7. a combined deep and shallow training method as claimed in claim 2, for improving the detection accuracy of the model, comprising:

using the generator to generate dummy data to confuse the model, minimizing differences from the real data;

model discrimination between true data and reconstructed data using countermeasure training maximizes variance.

8. A method of merging training for simultaneous enhancement encoder and countermeasure training, comprising:

combining the enhancement encoder with the training process of the countermeasure training, and reducing the iteration times;

the adaptive weight function is used for controlling the weights of the enhancement encoder and the countermeasure training, so that the stability and the accuracy of the training are improved:

9. a method of ensemble learning as claimed in claim 3, a method of calculating encoder importance based on error values, comprising:

evaluating the importance of the encoder according to the encoder reconstruction error value;

determining the relative weight of the encoder by using the magnitude of the reconstructed error value;

the reconstructed error value is used as an index to adjust the contribution degree of the encoder, so that the performance of the model is improved.

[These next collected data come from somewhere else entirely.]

lemma branch_point_obtains_three_arms:
  assumes X: "geodesic_space X" and b: "branch_point X b" and "0 < r"
  obtains t C1 C2 C3 q1 q2 q3 where "0 < t" "t \<le> r"
    "C1 \<in> components (X - {b})" "C2 \<in> components (X - {b})" "C3 \<in> components (X - {b})"
    "C1 \<noteq> C2" "C2 \<noteq> C3" "C1 \<noteq> C3"
    "q1 \<in> C1" "q2 \<in> C2" "q3 \<in> C3" "dist b q1 = t" "dist b q2 = t" "dist b q3 = t"
proof -
  have "b \<in> X" using b unfolding branch_point_def by simp
  obtain C1 C2 C3 where C: "C1 \<in> components (X - {b})" "C2 \<in> components (X - {b})"
      "C3 \<in> components (X - {b})" and "C1 \<noteq> C2" "C2 \<noteq> C3" "C1 \<noteq> C3"
    using b obtain_three_distinct unfolding branch_point_def by metis
  obtain p1 p2 p3 where p: "p1 \<in> C1" "p2 \<in> C2" "p3 \<in> C3"
    using C in_components_nonempty by (metis ex_in_conv)
  have "p1 \<noteq> b" "p2 \<noteq> b" "p3 \<noteq> b"
    using p C in_components_subset by blast+
  define t where "t = min r (min (dist b p1) (min (dist b p2) (dist b p3)))"
  have "0 < t" unfolding t_def using \<open>0 < r\<close> \<open>p1 \<noteq> b\<close> \<open>p2 \<noteq> b\<close> \<open>p3 \<noteq> b\<close> by simp
  have "t \<le> r" "t \<le> dist b p1" "t \<le> dist b p2" "t \<le> dist b p3" unfolding t_def by auto
  then show thesis
    using exists_point_at_dist_in_component[OF X \<open>b \<in> X\<close> C(1) p(1) \<open>0 < t\<close>]
      exists_point_at_dist_in_component[OF X \<open>b \<in> X\<close> C(2) p(2) \<open>0 < t\<close>]
      exists_point_at_dist_in_component[OF X \<open>b \<in> X\<close> C(3) p(3) \<open>0 < t\<close>]
      that[OF \<open>0 < t\<close> _ C \<open>C1 \<noteq> C2\<close> \<open>C2 \<noteq> C3\<close> \<open>C1 \<noteq> C3\<close>] by metis
qed

lemma exp_minus_dist_le_at_cut_point:
  assumes X: "geodesic_space X" and C: "C \<in> components (X - {b})"
    and "q \<in> C" "dist b q = t" "y \<in> X"
  shows "exp (- dist q y) \<le> (if y \<in> C then exp t else exp (- t)) * exp (- dist b y)"
proof (cases "y \<in> C")
  case True
  have "dist b y \<le> dist b q + dist q y" by (rule dist_triangle)
  then have "- dist q y \<le> t + - dist b y" using \<open>dist b q = t\<close> by simp
  then have "exp (- dist q y) \<le> exp t * exp (- dist b y)"
    by (simp only: exp_le_cancel_iff flip: exp_add)
  with True show ?thesis by simp
next
  case False
  have "dist q y = t + dist b y"
    using dist_through_cut_point[OF X C \<open>q \<in> C\<close> \<open>y \<in> X\<close> False] \<open>dist b q = t\<close>
    by (simp add: dist_commute)
  with False show ?thesis by (simp flip: exp_add)
qed

lemma diversity_potential_three_arms_le:
  assumes M: "borel_prob_on X M" and X: "geodesic_space X"
    and C: "C1 \<in> components (X - {b})" "C2 \<in> components (X - {b})" "C3 \<in> components (X - {b})"
    and "C1 \<noteq> C2" "C2 \<noteq> C3" "C1 \<noteq> C3"
    and q: "q1 \<in> C1" "q2 \<in> C2" "q3 \<in> C3" "dist b q1 = t" "dist b q2 = t" "dist b q3 = t"
    and "0 \<le> t"
  shows "diversity_potential M q1 + diversity_potential M q2 + diversity_potential M q3
    \<le> (exp t + 2 * exp (- t)) * diversity_potential M b"
proof -
  interpret prob_space M by (rule borel_prob_on_prob_space[OF M])
  have disjoint: "C1 \<inter> C2 = {}" "C2 \<inter> C3 = {}" "C1 \<inter> C3 = {}"
    using components_nonoverlap C \<open>C1 \<noteq> C2\<close> \<open>C2 \<noteq> C3\<close> \<open>C1 \<noteq> C3\<close> by blast+
  have "exp (- t) \<le> exp t" using \<open>0 \<le> t\<close> by simp
  have pointwise: "exp (- dist q1 y) + exp (- dist q2 y) + exp (- dist q3 y)
      \<le> (exp t + 2 * exp (- t)) * exp (- dist b y)" if "y \<in> X" for y
  proof -
    let ?c = "\<lambda>C. if y \<in> C then exp t else exp (- t)"
    have "exp (- dist q1 y) + exp (- dist q2 y) + exp (- dist q3 y)
        \<le> (?c C1 + ?c C2 + ?c C3) * exp (- dist b y)"
      using exp_minus_dist_le_at_cut_point[OF X C(1) q(1) q(4) that]
        exp_minus_dist_le_at_cut_point[OF X C(2) q(2) q(5) that]
        exp_minus_dist_le_at_cut_point[OF X C(3) q(3) q(6) that]
      by (simp add: distrib_right)
    also have "\<dots> \<le> (exp t + 2 * exp (- t)) * exp (- dist b y)"
      using disjoint \<open>exp (- t) \<le> exp t\<close> by (intro mult_right_mono) auto
    finally show ?thesis .
  qed
  note int = exp_minus_dist_integrable[OF M]
  have "diversity_potential M q1 + diversity_potential M q2 + diversity_potential M q3
      = (\<integral>y. exp (- dist q1 y) + exp (- dist q2 y) + exp (- dist q3 y) \<partial>M)"
    unfolding diversity_potential_def using int by simp
  also have "\<dots> \<le> (\<integral>y. (exp t + 2 * exp (- t)) * exp (- dist b y) \<partial>M)"
    using int pointwise borel_prob_on_space[OF M] by (intro integral_mono) auto
  also have "\<dots> = (exp t + 2 * exp (- t)) * diversity_potential M b"
    unfolding diversity_potential_def by simp
  finally show ?thesis .
qed

lemma exp_add_two_exp_minus_lt_three:
  fixes t :: real
  assumes "0 < t" "t < ln 2"
  shows "exp t + 2 * exp (- t) < 3"
proof -
  have "1 < exp t" "exp t < 2"
    using assms exp_less_cancel_iff[of t "ln 2"] by auto
  then have "exp t * exp t + 2 < 3 * exp t"
    using mult_pos_neg[of "exp t - 1" "exp t - 2"] by (simp add: algebra_simps)
  then show ?thesis by (simp add: exp_minus field_simps)
qed

theorem theorem5p1:
  fixes X :: "'a::metric_space set" and M :: "'a measure"
  assumes "compact X" and "R_tree X" and "diversity_maximizing X M"
  shows "\<forall>x\<in>X. branch_point X x \<longrightarrow> x \<notin> measure_support X M"
proof (intro ballI impI notI)
  fix b assume "b \<in> X" "branch_point X b" and support: "b \<in> measure_support X M"
  define K where "K = diversity_potential M"
  define E where "E = diversity_energy M"
  have M: "borel_prob_on X M" using assms(3) by (rule diversity_maximizing_borel_prob_on)
  have X: "geodesic_space X" using assms(2) by (rule R_tree_imp_geodesic_space)
  have "0 < ln 2 / (2::real)" by simp
  obtain t C1 C2 C3 q1 q2 q3 where "0 < t" "t \<le> ln 2 / 2" and arms:
    "C1 \<in> components (X - {b})" "C2 \<in> components (X - {b})" "C3 \<in> components (X - {b})"
    "C1 \<noteq> C2" "C2 \<noteq> C3" "C1 \<noteq> C3"
    "q1 \<in> C1" "q2 \<in> C2" "q3 \<in> C3" "dist b q1 = t" "dist b q2 = t" "dist b q3 = t"
    using branch_point_obtains_three_arms[OF X \<open>branch_point X b\<close> \<open>0 < ln 2 / 2\<close>] .
  have "q1 \<in> X" "q2 \<in> X" "q3 \<in> X" using arms in_components_subset by blast+
  then have "E \<le> K q1" "E \<le> K q2" "E \<le> K q3"
    using diversity_maximizing_energy_le_potential[OF assms(3)] unfolding E_def K_def by blast+
  then have "3 * E \<le> K q1 + K q2 + K q3" by linarith
  also have "\<dots> \<le> (exp t + 2 * exp (- t)) * K b"
    unfolding K_def using diversity_potential_three_arms_le[OF M X arms] \<open>0 < t\<close> by simp
  also have "\<dots> < 3 * K b"
    using exp_add_two_exp_minus_lt_three[of t] \<open>0 < t\<close> \<open>t \<le> ln 2 / 2\<close>
      diversity_potential_pos[OF M, of b] unfolding K_def by simp
  also have "\<dots> \<le> 3 * E"
    using diversity_maximizing_potential_le_energy[OF assms(3) support] unfolding E_def K_def by simp
  finally show False by simp
qed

10. A method of distribution function based sample selection as recited in claim 3, for enhancing training of an encoder, comprising:

maintaining a distribution function to indicate data points of interest to the encoder;

sample selection is carried out according to the distribution function weight of the data points, and important data points are concerned;

and the attention degree and the learning ability of the model to different samples are improved by dynamically adjusting the distribution function weight of the data points.